Every line below between the line holding "record 'a strc" and the line holding "obtains D where", inclusive, should be repeated exactly, and all other lines omitted.

Records shown below:

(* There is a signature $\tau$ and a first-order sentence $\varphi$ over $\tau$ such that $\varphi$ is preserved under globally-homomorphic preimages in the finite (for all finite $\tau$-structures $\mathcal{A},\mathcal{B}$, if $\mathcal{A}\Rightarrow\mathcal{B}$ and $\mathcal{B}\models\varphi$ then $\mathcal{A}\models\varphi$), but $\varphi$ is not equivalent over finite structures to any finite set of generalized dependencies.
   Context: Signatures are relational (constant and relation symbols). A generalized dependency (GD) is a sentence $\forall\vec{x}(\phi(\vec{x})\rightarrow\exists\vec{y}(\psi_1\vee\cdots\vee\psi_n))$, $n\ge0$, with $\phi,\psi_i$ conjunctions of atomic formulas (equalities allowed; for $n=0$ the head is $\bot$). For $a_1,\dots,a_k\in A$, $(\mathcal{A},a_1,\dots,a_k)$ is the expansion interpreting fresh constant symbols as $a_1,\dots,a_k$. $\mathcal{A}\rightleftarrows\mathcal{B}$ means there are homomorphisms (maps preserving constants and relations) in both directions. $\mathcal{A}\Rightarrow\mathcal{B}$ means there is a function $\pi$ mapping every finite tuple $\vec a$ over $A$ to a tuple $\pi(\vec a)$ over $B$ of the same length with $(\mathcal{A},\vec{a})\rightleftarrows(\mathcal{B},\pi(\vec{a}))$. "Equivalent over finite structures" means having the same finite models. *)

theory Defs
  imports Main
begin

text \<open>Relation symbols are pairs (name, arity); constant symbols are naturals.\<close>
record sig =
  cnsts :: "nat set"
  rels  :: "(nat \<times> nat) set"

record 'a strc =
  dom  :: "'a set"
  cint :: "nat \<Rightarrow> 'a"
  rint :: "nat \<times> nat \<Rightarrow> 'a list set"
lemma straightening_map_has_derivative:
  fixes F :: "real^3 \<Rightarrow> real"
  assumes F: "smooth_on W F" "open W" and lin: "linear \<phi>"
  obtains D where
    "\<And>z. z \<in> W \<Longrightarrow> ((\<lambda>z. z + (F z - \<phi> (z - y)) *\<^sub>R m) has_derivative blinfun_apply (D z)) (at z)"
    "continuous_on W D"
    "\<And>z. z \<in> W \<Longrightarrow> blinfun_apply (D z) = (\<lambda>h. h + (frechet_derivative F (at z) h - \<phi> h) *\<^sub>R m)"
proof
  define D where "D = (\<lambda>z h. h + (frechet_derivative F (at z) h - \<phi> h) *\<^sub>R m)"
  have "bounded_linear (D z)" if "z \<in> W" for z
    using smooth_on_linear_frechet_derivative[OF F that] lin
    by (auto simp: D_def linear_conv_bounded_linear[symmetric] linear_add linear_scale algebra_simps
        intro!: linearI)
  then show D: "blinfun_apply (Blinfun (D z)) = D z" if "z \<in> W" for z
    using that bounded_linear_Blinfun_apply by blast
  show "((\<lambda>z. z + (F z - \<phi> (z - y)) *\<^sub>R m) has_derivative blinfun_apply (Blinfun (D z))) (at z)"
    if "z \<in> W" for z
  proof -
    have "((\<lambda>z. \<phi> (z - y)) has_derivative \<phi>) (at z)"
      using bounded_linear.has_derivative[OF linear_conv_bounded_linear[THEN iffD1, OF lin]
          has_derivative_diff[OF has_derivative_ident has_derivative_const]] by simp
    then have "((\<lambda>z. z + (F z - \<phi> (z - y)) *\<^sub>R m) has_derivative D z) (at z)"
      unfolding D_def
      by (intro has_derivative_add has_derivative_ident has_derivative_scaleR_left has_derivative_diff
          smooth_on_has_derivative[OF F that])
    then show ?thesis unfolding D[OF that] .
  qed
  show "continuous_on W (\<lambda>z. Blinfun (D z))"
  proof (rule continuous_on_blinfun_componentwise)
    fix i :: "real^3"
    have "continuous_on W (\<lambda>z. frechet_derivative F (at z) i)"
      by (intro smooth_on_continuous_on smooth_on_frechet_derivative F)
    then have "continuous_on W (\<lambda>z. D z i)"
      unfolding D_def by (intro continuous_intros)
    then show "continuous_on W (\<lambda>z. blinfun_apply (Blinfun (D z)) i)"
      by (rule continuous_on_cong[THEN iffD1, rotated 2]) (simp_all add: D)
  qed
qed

End of Records shown.

**Response below**.
record 'a strc =
  dom  :: "'a set"
  cint :: "nat \<Rightarrow> 'a"
  rint :: "nat \<times> nat \<Rightarrow> 'a list set"
lemma straightening_map_has_derivative:
  fixes F :: "real^3 \<Rightarrow> real"
  assumes F: "smooth_on W F" "open W" and lin: "linear \<phi>"
  obtains D where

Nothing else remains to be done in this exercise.